lemma set_integral_concave_le:
  fixes f :: "'a::euclidean_space \<Rightarrow> real"
  assumes S: "closed S" and f: "f \<in> Cb S" "concave_on S f"
    and Q: "prob_on S Q" "integrable Q (\<lambda>z. z)" "(\<integral>z. z \<partial>Q) = \<mu>"
    and \<mu>: "\<mu> \<in> S"
  shows "(LINT z:S|Q. f z) \<le> f \<mu>"
proof (rule field_le_epsilon)
  fix e :: real
  assume "0 < e"
  interpret prob_space Q
    using Q(1) by (simp add: prob_on_def)
  have sets_Q: "sets Q = sets borel" and "emeasure Q S = 1"
    using Q(1) by (simp_all add: prob_on_def)
  then have AE_S: "AE z in Q. z \<in> S"
    using S by (simp add: AE_prob_1 emeasure_eq_measure)
  obtain a c where maj: "\<And>z. z \<in> S \<Longrightarrow> f z \<le> inner a z + c" and at_\<mu>: "inner a \<mu> + c < f \<mu> + e"
    using concave_on_affine_majorant[OF S _ f(2) \<mu> \<open>0 < e\<close>] f(1) by (auto simp: Cb_def)
  obtain K where K: "\<And>z. z \<in> S \<Longrightarrow> \<bar>f z\<bar> \<le> K"
    using Cb_abs_bound[OF f(1)] by blast
  have "(\<lambda>z. indicator S z *\<^sub>R f z) \<in> borel_measurable Q"
    using borel_measurable_continuous_on_indicator[of S f] S f(1)
    by (simp add: Cb_def measurable_cong_sets[OF sets_Q refl])
  then have int_f: "integrable Q (\<lambda>z. indicator S z *\<^sub>R f z)"
    by (intro integrable_const_bound[where B = "\<bar>K\<bar>"]) (use K in \<open>force simp: indicator_def\<close>)
  have int_aff: "integrable Q (\<lambda>z. inner a z + c)"
    using Q(2) by simp
  have "AE z in Q. indicator S z *\<^sub>R f z \<le> inner a z + c"
    using AE_S by eventually_elim (simp add: maj)
  then have "(LINT z:S|Q. f z) \<le> (\<integral>z. inner a z + c \<partial>Q)"
    unfolding set_lebesgue_integral_def by (rule integral_mono_AE[OF int_f int_aff])
  also have "\<dots> = inner a \<mu> + c"
    using Q(2,3) by (simp add: integral_add integrable_inner_right prob_space)
  finally show "(LINT z:S|Q. f z) \<le> f \<mu> + e"
    using at_\<mu> by simp
qed

lemma SUP_set_integral_concave_eq:
  fixes f :: "'a::euclidean_space \<Rightarrow> real"
  assumes S: "closed S" and f: "f \<in> Cb S" "concave_on S f" and \<mu>: "\<mu> \<in> S"
    and P_prob: "\<And>Q. Q \<in> P \<Longrightarrow> prob_on S Q"
    and P_mean: "\<And>Q. Q \<in> P \<Longrightarrow> integrable Q (\<lambda>z. z) \<and> (\<integral>z. z \<partial>Q) = \<mu>"
    and P_dirac: "return borel \<mu> \<in> P"
  shows "(SUP Q\<in>P. LINT z:S|Q. f z) = f \<mu>"
proof (rule cSup_eq_maximum)
  have "(\<lambda>z. indicator S z *\<^sub>R f z) \<in> borel_measurable borel"
    using borel_measurable_continuous_on_indicator[of S f] S f(1) by (simp add: Cb_def)
  then have "(LINT z:S|return borel \<mu>. f z) = f \<mu>"
    using \<mu> by (simp add: set_lebesgue_integral_def integral_return)
  then show "f \<mu> \<in> (\<lambda>Q. LINT z:S|Q. f z) ` P"
    using P_dirac by force
next
  fix r
  assume "r \<in> (\<lambda>Q. LINT z:S|Q. f z) ` P"
  then show "r \<le> f \<mu>"
    using set_integral_concave_le[OF S f _ _ _ \<mu>] P_prob P_mean by blast
qed

theorem theorem1:
  fixes X :: "'a::euclidean_space set" and Xi :: "'b::euclidean_space set"
    and \<beta> :: real and \<phi> :: "'a \<Rightarrow> 'a \<Rightarrow> 'b \<Rightarrow> real" and Y :: "'a \<Rightarrow> 'b \<Rightarrow> 'a set"
    and N :: nat and xs :: "nat \<Rightarrow> 'b" and \<mu> :: 'b and P :: "'b measure set"
  assumes X: "closed X" "convex X"
    and Xi: "closed Xi" "convex Xi"
    and beta: "0 < \<beta>" "\<beta> < 1"
    and phi_cont: "continuous_on (X \<times> X \<times> Xi) (\<lambda>(x, y, \<xi>). \<phi> x y \<xi>)"
    and phi_bdd: "bounded ((\<lambda>(x, y, \<xi>). \<phi> x y \<xi>) ` (X \<times> X \<times> Xi))"
    and Y_sub: "\<And>x \<xi>. x \<in> X \<Longrightarrow> \<xi> \<in> Xi \<Longrightarrow> Y x \<xi> \<subseteq> X"
    and Y_ne: "\<And>x \<xi>. x \<in> X \<Longrightarrow> \<xi> \<in> Xi \<Longrightarrow> Y x \<xi> \<noteq> {}"
    and Y_compact: "\<And>x \<xi>. x \<in> X \<Longrightarrow> \<xi> \<in> Xi \<Longrightarrow> compact (Y x \<xi>)"
    and Y_cont: "continuous_corr_on (X \<times> Xi) (\<lambda>(x, \<xi>). Y x \<xi>)"
    and N: "N \<ge> 1"
    and xs: "\<And>i. i \<in> {1..N} \<Longrightarrow> xs i \<in> Xi"
    and mu: "\<mu> = (1 / real N) *\<^sub>R (\<Sum>i=1..N. xs i)"
    and P_prob: "\<And>Q. Q \<in> P \<Longrightarrow> prob_on Xi Q"
    and P_mean: "\<And>Q. Q \<in> P \<Longrightarrow> integrable Q (\<lambda>\<xi>. \<xi>) \<and> (\<integral>\<xi>. \<xi> \<partial>Q) = \<mu>"
    and P_dirac: "return borel \<mu> \<in> P"
    and cp: "concavity_preserving X Xi \<phi> Y \<beta> \<mu>"
  shows "\<exists>v \<in> Cb (X \<times> Xi).
           (\<forall>x\<in>X. \<forall>\<xi>\<in>Xi. v (x, \<xi>) =
              (INF y\<in>Y x \<xi>. \<phi> x y \<xi> + \<beta> * (SUP Q\<in>P. (LINT \<zeta>:Xi|Q. v (y, \<zeta>))))) \<and>
           (\<forall>x\<in>X. \<forall>\<xi>\<in>Xi. v (x, \<xi>) = (INF y\<in>Y x \<xi>. \<phi> x y \<xi> + \<beta> * v (y, \<mu>))) \<and>
           (\<forall>w \<in> Cb (X \<times> Xi).
              (\<forall>x\<in>X. \<forall>\<xi>\<in>Xi. w (x, \<xi>) = (INF y\<in>Y x \<xi>. \<phi> x y \<xi> + \<beta> * w (y, \<mu>)))
              \<longrightarrow> (\<forall>p\<in>X \<times> Xi. w p = v p))"
proof -
  have \<mu>_in: "\<mu> \<in> Xi"
    unfolding mu scaleR_sum_right using N xs by (intro convex_sum[OF _ Xi(2)]) auto
  obtain F where F: "F \<noteq> {}" "closed_Cb (X \<times> Xi) F" "\<forall>f\<in>F. \<forall>x\<in>X. concave_on Xi (\<lambda>\<xi>. f (x, \<xi>))"
    "\<forall>f\<in>F. \<exists>g\<in>F. \<forall>p\<in>X \<times> Xi. g p = BM \<phi> Y \<beta> \<mu> f p"
    using cp unfolding concavity_preserving_def by blast
  have contr: "Cb_contraction (X \<times> Xi) \<beta> (BM \<phi> Y \<beta> \<mu>)"
    using BM_Cb_contraction[OF phi_bdd Y_sub Y_ne \<mu>_in] beta by simp
  obtain v where "v \<in> F" and v_fix: "\<And>p. p \<in> X \<times> Xi \<Longrightarrow> v p = BM \<phi> Y \<beta> \<mu> v p"
    using Cb_contraction_fixpoint[OF contr _ beta(2) F(2,1,4)] beta(1) by auto
  then have v_Cb: "v \<in> Cb (X \<times> Xi)"
    using F(2) by (auto simp: closed_Cb_def)
  have MPC: "\<forall>x\<in>X. \<forall>\<xi>\<in>Xi. v (x, \<xi>) = (INF y\<in>Y x \<xi>. \<phi> x y \<xi> + \<beta> * v (y, \<mu>))"
    using v_fix by (simp add: BM_def)
  have "(SUP Q\<in>P. LINT \<zeta>:Xi|Q. v (y, \<zeta>)) = v (y, \<mu>)" if "y \<in> X" for y
    using SUP_set_integral_concave_eq[OF Xi(1) Cb_Pair_section[OF v_Cb that]] F(3) \<open>v \<in> F\<close> that
      \<mu>_in P_prob P_mean P_dirac by blast
  then have DRO: "\<forall>x\<in>X. \<forall>\<xi>\<in>Xi. v (x, \<xi>) =
      (INF y\<in>Y x \<xi>. \<phi> x y \<xi> + \<beta> * (SUP Q\<in>P. LINT \<zeta>:Xi|Q. v (y, \<zeta>)))"
    using MPC Y_sub by (force intro!: INF_cong)
  have "\<forall>p\<in>X \<times> Xi. w p = v p"
    if "w \<in> Cb (X \<times> Xi)" "\<forall>x\<in>X. \<forall>\<xi>\<in>Xi. w (x, \<xi>) = (INF y\<in>Y x \<xi>. \<phi> x y \<xi> + \<beta> * w (y, \<mu>))" for w
    using Cb_contraction_fixpoints_eq[OF contr beta(2) that(1) _ v_Cb v_fix] that(2) by (auto simp: BM_def)
  with v_Cb MPC DRO show ?thesis
    by blast
qed

end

----------------

> [About this task]
Give back exactly what runs from the first line of the listing above to the line that contains "in Q. indicator", keeping both end lines.

> [Task response]
lemma set_integral_concave_le:
  fixes f :: "'a::euclidean_space \<Rightarrow> real"
  assumes S: "closed S" and f: "f \<in> Cb S" "concave_on S f"
    and Q: "prob_on S Q" "integrable Q (\<lambda>z. z)" "(\<integral>z. z \<partial>Q) = \<mu>"
    and \<mu>: "\<mu> \<in> S"
  shows "(LINT z:S|Q. f z) \<le> f \<mu>"
proof (rule field_le_epsilon)
  fix e :: real
  assume "0 < e"
  interpret prob_space Q
    using Q(1) by (simp add: prob_on_def)
  have sets_Q: "sets Q = sets borel" and "emeasure Q S = 1"
    using Q(1) by (simp_all add: prob_on_def)
  then have AE_S: "AE z in Q. z \<in> S"
    using S by (simp add: AE_prob_1 emeasure_eq_measure)
  obtain a c where maj: "\<And>z. z \<in> S \<Longrightarrow> f z \<le> inner a z + c" and at_\<mu>: "inner a \<mu> + c < f \<mu> + e"
    using concave_on_affine_majorant[OF S _ f(2) \<mu> \<open>0 < e\<close>] f(1) by (auto simp: Cb_def)
  obtain K where K: "\<And>z. z \<in> S \<Longrightarrow> \<bar>f z\<bar> \<le> K"
    using Cb_abs_bound[OF f(1)] by blast
  have "(\<lambda>z. indicator S z *\<^sub>R f z) \<in> borel_measurable Q"
    using borel_measurable_continuous_on_indicator[of S f] S f(1)
    by (simp add: Cb_def measurable_cong_sets[OF sets_Q refl])
  then have int_f: "integrable Q (\<lambda>z. indicator S z *\<^sub>R f z)"
    by (intro integrable_const_bound[where B = "\<bar>K\<bar>"]) (use K in \<open>force simp: indicator_def\<close>)
  have int_aff: "integrable Q (\<lambda>z. inner a z + c)"
    using Q(2) by simp
  have "AE z in Q. indicator S z *\<^sub>R f z \<le> inner a z + c"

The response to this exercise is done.